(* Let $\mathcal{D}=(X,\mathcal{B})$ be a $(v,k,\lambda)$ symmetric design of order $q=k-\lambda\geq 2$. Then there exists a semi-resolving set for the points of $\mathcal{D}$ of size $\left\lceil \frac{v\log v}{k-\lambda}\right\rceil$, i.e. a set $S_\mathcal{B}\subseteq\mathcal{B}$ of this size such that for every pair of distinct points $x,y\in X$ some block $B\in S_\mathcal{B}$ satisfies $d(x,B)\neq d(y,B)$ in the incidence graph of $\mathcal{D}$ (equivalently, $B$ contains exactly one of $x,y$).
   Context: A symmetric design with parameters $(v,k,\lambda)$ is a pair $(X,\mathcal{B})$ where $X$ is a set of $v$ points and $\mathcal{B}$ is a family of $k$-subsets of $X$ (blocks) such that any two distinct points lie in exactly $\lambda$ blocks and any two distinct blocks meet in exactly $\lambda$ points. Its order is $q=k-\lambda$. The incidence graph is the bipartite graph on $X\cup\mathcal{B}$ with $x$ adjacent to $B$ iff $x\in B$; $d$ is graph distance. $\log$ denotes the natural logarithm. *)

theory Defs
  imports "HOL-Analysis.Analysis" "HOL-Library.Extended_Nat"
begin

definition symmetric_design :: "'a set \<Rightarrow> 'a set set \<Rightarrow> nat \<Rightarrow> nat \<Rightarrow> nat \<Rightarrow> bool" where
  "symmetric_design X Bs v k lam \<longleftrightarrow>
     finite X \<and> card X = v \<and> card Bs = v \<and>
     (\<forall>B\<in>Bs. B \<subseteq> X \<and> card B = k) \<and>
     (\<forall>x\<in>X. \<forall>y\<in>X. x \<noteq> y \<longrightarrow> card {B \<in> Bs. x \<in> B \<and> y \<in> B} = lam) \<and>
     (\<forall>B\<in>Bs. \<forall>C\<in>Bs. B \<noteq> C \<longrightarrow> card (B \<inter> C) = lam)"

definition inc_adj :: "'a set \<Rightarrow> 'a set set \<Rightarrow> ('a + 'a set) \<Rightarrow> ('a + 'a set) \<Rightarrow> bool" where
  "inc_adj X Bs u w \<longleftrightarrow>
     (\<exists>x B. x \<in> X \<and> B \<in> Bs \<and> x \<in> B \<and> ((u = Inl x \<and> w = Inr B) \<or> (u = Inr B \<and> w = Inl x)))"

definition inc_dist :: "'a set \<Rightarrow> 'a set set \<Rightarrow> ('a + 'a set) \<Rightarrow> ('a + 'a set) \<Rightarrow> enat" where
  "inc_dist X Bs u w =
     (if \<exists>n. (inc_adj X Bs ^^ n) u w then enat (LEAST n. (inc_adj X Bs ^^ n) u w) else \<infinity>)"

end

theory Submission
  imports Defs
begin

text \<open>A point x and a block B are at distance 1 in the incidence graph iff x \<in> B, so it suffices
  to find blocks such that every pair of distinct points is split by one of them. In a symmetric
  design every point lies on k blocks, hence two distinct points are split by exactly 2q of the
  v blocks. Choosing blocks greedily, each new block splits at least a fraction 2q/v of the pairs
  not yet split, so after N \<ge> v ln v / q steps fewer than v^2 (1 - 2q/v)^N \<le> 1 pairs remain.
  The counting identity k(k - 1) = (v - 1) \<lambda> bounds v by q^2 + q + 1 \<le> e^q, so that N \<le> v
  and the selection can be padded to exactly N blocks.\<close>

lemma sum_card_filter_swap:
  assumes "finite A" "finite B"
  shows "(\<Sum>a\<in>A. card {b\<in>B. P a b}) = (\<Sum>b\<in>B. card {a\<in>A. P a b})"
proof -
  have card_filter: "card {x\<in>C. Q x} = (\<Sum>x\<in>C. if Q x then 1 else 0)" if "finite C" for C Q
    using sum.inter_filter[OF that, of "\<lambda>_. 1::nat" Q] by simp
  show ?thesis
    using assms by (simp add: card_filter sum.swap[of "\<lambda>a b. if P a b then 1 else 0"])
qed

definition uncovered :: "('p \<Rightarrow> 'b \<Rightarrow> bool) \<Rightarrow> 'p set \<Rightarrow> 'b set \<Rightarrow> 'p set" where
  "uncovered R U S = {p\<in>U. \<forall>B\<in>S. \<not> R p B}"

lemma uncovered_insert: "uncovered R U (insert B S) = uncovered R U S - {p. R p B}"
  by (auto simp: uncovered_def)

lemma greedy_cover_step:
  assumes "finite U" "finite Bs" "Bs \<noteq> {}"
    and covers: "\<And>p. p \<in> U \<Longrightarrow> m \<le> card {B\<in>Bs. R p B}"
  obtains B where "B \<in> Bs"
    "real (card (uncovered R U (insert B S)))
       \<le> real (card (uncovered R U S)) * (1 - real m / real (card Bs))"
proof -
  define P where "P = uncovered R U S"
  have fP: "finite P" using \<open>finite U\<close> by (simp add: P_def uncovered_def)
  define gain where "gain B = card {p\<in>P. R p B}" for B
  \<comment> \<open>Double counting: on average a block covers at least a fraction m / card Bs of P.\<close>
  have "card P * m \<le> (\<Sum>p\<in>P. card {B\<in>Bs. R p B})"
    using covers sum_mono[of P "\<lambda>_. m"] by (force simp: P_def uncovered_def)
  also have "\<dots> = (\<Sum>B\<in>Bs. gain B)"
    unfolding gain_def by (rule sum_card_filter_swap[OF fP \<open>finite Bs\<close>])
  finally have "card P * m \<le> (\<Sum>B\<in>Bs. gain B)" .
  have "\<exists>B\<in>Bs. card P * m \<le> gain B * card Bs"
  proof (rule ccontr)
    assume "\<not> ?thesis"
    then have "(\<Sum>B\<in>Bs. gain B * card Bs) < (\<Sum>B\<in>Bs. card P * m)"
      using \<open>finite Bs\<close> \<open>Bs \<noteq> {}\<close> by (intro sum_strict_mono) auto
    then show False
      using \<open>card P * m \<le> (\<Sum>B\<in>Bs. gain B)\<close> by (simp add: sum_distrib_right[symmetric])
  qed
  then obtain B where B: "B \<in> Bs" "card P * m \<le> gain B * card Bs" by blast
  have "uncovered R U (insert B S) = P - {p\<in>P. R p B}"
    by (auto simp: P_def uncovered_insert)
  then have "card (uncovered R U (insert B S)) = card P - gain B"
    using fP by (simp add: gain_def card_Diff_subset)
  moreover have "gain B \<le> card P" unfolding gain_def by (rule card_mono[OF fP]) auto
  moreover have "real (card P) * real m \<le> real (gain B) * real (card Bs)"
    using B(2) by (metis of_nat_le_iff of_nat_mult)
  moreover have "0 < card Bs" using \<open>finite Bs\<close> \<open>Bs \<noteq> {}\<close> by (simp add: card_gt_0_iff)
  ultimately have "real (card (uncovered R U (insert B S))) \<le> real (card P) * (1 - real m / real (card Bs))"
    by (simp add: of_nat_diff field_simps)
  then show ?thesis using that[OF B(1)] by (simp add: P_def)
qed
==
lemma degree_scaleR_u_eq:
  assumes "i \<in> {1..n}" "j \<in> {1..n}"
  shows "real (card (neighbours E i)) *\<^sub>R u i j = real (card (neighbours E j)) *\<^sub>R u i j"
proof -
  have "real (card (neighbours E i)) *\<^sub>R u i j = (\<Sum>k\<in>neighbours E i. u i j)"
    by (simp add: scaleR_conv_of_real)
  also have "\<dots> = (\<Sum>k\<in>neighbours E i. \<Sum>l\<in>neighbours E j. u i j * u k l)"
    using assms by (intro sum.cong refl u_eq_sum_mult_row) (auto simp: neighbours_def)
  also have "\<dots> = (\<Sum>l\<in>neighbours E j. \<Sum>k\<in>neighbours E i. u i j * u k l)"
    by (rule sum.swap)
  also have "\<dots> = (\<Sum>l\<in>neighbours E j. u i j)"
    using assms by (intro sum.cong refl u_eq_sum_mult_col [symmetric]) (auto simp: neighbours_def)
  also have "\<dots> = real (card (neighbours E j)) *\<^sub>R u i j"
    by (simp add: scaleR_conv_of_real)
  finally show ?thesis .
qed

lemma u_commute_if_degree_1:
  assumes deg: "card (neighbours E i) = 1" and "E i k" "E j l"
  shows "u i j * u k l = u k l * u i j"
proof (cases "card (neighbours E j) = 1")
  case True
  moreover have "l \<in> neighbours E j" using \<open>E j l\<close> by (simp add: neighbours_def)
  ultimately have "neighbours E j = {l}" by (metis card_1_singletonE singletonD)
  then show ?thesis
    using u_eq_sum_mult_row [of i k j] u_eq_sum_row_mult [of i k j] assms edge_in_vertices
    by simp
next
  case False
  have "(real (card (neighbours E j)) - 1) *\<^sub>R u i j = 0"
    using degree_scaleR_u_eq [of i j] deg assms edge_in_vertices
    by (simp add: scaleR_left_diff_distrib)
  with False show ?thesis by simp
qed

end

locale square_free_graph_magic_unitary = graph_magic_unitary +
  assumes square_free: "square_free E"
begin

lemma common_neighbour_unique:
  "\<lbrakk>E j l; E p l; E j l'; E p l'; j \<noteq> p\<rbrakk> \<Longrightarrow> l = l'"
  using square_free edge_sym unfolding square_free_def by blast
==
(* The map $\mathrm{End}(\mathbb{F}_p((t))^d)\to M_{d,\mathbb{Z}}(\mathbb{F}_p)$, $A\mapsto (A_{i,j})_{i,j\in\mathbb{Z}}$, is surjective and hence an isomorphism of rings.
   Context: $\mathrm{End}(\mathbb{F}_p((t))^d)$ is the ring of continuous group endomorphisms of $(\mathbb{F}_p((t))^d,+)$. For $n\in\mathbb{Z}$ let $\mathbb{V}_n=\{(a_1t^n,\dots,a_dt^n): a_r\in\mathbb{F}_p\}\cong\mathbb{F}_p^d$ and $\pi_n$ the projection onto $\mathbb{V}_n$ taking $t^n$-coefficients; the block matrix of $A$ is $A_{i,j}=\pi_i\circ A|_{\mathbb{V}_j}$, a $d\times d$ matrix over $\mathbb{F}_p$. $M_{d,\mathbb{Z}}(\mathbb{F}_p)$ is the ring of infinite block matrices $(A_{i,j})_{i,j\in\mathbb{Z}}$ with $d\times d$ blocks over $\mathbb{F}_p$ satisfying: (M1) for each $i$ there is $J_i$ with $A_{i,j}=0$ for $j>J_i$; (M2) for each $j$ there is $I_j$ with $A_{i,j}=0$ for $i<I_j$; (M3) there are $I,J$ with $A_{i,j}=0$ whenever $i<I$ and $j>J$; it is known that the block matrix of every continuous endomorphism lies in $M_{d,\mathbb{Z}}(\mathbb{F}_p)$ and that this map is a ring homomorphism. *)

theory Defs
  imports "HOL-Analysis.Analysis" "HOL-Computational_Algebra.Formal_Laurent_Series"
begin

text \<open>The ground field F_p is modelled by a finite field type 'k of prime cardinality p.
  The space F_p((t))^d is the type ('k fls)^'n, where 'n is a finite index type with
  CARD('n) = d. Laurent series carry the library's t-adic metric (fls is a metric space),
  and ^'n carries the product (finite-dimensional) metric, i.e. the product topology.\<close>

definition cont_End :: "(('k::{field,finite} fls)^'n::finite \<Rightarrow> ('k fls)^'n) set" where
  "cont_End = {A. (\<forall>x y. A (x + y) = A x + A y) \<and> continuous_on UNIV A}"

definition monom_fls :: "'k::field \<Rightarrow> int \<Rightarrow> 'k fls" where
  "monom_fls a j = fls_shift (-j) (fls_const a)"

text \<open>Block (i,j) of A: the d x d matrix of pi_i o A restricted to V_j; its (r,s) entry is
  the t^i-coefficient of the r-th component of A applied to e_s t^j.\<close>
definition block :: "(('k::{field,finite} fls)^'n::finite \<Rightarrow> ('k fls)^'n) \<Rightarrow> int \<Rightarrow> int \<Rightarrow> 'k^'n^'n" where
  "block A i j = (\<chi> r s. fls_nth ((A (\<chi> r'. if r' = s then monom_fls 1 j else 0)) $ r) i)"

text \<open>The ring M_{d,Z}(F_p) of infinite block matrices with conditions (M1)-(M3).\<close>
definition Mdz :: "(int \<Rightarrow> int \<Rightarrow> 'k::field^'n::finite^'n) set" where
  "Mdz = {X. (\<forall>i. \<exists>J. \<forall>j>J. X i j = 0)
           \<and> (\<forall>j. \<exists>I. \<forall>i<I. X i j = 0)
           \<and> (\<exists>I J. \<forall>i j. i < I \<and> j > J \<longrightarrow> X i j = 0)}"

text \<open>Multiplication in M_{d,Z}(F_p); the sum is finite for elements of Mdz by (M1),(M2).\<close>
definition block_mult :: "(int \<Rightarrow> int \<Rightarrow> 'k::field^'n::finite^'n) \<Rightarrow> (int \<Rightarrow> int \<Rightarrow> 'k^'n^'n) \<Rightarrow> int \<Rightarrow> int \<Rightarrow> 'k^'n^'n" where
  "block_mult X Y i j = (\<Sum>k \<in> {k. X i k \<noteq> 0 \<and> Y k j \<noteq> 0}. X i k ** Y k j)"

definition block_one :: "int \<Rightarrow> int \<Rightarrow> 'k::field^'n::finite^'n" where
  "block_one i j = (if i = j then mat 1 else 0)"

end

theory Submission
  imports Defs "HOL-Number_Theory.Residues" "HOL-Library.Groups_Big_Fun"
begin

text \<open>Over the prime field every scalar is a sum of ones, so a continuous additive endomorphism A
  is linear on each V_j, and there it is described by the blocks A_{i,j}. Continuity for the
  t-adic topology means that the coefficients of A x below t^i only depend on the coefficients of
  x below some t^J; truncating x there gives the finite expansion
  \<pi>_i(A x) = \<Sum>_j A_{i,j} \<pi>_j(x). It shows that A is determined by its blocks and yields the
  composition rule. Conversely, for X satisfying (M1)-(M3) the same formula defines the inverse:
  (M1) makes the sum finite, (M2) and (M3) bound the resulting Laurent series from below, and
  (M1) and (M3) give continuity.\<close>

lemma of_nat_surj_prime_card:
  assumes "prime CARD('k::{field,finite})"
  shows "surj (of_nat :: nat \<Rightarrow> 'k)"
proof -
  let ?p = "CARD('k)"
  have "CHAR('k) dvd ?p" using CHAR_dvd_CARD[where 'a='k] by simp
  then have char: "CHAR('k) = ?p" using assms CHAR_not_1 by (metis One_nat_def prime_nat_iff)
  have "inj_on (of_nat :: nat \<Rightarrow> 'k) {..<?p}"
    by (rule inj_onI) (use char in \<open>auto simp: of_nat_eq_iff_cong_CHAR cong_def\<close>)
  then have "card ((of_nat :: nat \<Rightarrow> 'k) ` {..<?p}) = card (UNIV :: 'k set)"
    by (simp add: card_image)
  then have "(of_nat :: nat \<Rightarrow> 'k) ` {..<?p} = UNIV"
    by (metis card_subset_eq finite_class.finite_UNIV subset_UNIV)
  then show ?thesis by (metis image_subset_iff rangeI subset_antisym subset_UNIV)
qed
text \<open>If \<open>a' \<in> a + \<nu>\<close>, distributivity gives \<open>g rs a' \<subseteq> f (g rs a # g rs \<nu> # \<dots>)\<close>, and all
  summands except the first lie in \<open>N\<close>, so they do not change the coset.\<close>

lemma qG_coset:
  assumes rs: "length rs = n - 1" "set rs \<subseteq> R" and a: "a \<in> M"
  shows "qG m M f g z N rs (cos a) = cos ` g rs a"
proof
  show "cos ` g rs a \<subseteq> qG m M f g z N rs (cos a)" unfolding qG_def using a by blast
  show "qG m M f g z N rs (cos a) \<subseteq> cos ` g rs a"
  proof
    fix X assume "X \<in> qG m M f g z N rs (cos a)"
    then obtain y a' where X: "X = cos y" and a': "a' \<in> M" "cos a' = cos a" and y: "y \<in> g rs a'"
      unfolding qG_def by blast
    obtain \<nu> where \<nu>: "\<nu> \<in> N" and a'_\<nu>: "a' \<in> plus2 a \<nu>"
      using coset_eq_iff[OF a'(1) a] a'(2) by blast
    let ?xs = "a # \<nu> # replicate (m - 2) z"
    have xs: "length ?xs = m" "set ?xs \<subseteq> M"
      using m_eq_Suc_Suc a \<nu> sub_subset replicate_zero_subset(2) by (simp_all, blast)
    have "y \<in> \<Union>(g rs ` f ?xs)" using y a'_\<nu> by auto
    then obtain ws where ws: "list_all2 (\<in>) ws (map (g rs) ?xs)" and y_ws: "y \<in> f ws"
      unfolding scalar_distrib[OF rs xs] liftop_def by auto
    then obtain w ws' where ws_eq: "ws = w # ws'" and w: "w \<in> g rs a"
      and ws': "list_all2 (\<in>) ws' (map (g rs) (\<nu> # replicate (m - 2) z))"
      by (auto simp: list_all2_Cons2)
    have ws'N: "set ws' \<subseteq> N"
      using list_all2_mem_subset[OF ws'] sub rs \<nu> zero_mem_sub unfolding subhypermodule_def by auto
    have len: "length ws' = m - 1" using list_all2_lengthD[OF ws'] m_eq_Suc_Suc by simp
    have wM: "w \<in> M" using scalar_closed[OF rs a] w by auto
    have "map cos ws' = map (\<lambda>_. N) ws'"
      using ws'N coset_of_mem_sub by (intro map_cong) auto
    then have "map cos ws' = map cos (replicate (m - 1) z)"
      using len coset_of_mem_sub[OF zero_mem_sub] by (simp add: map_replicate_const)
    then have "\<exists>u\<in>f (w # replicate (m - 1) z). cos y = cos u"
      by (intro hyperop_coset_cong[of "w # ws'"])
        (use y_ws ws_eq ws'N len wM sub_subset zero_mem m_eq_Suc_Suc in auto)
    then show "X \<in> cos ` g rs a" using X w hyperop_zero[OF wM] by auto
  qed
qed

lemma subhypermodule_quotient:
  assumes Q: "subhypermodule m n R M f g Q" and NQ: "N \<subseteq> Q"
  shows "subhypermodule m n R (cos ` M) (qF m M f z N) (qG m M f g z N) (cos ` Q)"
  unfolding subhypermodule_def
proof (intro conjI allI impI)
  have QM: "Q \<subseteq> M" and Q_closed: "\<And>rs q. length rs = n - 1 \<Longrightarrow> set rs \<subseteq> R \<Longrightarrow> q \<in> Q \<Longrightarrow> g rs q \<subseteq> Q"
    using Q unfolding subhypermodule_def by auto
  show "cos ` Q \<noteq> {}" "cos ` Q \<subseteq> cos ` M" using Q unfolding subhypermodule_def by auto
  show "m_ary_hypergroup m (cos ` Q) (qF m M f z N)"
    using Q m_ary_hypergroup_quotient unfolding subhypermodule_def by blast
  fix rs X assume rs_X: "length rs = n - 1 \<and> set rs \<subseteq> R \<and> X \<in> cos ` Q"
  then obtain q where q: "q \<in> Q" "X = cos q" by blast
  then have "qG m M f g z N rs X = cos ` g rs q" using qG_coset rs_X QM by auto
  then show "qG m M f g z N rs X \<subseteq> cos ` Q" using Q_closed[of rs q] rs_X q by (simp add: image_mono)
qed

Task description
In the entries above, the lines between the one holding "- 1) *\<^sub>R" and the one holding "using square_free edge_sym", inclusive, are to be printed exactly as written, and those alone.

Expected answer
  have "(real (card (neighbours E j)) - 1) *\<^sub>R u i j = 0"
    using degree_scaleR_u_eq [of i j] deg assms edge_in_vertices
    by (simp add: scaleR_left_diff_distrib)
  with False show ?thesis by simp
qed

end

locale square_free_graph_magic_unitary = graph_magic_unitary +
  assumes square_free: "square_free E"
begin

lemma common_neighbour_unique:
  "\<lbrakk>E j l; E p l; E j l'; E p l'; j \<noteq> p\<rbrakk> \<Longrightarrow> l = l'"
  using square_free edge_sym unfolding square_free_def by blast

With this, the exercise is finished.